_REQUIRED WORK_
Scan each line of the records for the word "enat" and extract the ones that have it.

Collected data entries:
++++++++++

(* Let $p$ be a prime and $k$ a positive integer. Let $A,B,K\in\mathbb{Z}[x,y]$ be homogeneous polynomials with $K^r=\gcd(A^3,B^2)$ for some positive integer $r$, let $R=\mathrm{Res}(A^3/K^r,B^2/K^r)$, and let $\nu(k)=\max\{\lceil 12k/r\rceil,v_p(R)\}$. Let $\mathcal{U}=\{(a,b)\in\mathbb{Z}^2:p^{4k}\mid A(a,b),\ p^{6k}\mid B(a,b)\}$. If $(a_1,b_1)\in\mathcal{U}$ and $\gcd(a_1,b_1,p)=1$, then $(a_1+p^{\nu(k)}\mathbb{Z})\times(b_1+p^{\nu(k)}\mathbb{Z})\subseteq\mathcal{U}$.
   Context: $\gcd(F,G)$ denotes the polynomial with integer coefficients of highest possible degree and smallest possible positive leading coefficient (lexicographic ordering) dividing both $F$ and $G$ in $\mathbb{Q}[x,y]$. $\mathrm{Res}$ is the resultant of homogeneous binary forms. *)

theory Defs
  imports Complex_Main "HOL-Computational_Algebra.Polynomial" "Subresultants.Resultant_Prelim"
    "HOL-Library.Extended_Nat"
begin

text \<open>Bivariate polynomials in x and y are represented as elements of type
  'a poly poly: the OUTER variable is x, the INNER variable is y.
  So coeff (coeff P i) j is the coefficient of x^i y^j.\<close>

definition eval2 :: "'a::comm_semiring_1 poly poly \<Rightarrow> 'a \<Rightarrow> 'a \<Rightarrow> 'a" where
  "eval2 P a b = poly (map_poly (\<lambda>q. poly q b) P) a"

definition homogeneous2 :: "'a::zero poly poly \<Rightarrow> bool" where
  "homogeneous2 P \<longleftrightarrow> (\<exists>d. \<forall>i j. coeff (coeff P i) j \<noteq> 0 \<longrightarrow> i + j = d)"

definition tdeg2 :: "'a::zero poly poly \<Rightarrow> nat" where
  "tdeg2 P = Max ({i + j | i j. coeff (coeff P i) j \<noteq> 0} \<union> {0})"

text \<open>Leading coefficient w.r.t. the lexicographic order with x > y.\<close>
definition lex_lc2 :: "'a::zero poly poly \<Rightarrow> 'a" where
  "lex_lc2 P = lead_coeff (lead_coeff P)"

definition to_rat2 :: "int poly poly \<Rightarrow> rat poly poly" where
  "to_rat2 P = map_poly (map_poly rat_of_int) P"

definition dvd_Q2 :: "int poly poly \<Rightarrow> int poly poly \<Rightarrow> bool" where
  "dvd_Q2 E F \<longleftrightarrow> to_rat2 E dvd to_rat2 F"

text \<open>The paper's gcd: D is an integer polynomial dividing F and G in Q[x,y],
  of highest possible degree among such, and with the smallest possible
  positive (lexicographic) leading coefficient among those.\<close>
definition is_gcd2 :: "int poly poly \<Rightarrow> int poly poly \<Rightarrow> int poly poly \<Rightarrow> bool" where
  "is_gcd2 F G D \<longleftrightarrow>
     dvd_Q2 D F \<and> dvd_Q2 D G \<and>
     (\<forall>E. dvd_Q2 E F \<and> dvd_Q2 E G \<longrightarrow> tdeg2 E \<le> tdeg2 D) \<and>
     lex_lc2 D > 0 \<and>
     (\<forall>E. dvd_Q2 E F \<and> dvd_Q2 E G \<and> tdeg2 E = tdeg2 D \<and> lex_lc2 E > 0
        \<longrightarrow> lex_lc2 D \<le> lex_lc2 E)"

definition dehom2 :: "'a::comm_semiring_1 poly poly \<Rightarrow> 'a poly" where
  "dehom2 P = map_poly (\<lambda>q. poly q 1) P"

text \<open>Resultant of homogeneous binary forms (of their total degrees),
  as the determinant of the Sylvester matrix of the coefficient vectors.\<close>
definition res_form :: "int poly poly \<Rightarrow> int poly poly \<Rightarrow> int" where
  "res_form F G = resultant_sub (tdeg2 F) (tdeg2 G) (dehom2 F) (dehom2 G)"

definition vp :: "int \<Rightarrow> int \<Rightarrow> enat" where
  "vp p n = (if n = 0 then \<infinity> else enat (multiplicity p n))"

++++++++++

_FINAL ANSWER_
definition vp :: "int \<Rightarrow> int \<Rightarrow> enat" where
  "vp p n = (if n = 0 then \<infinity> else enat (multiplicity p n))"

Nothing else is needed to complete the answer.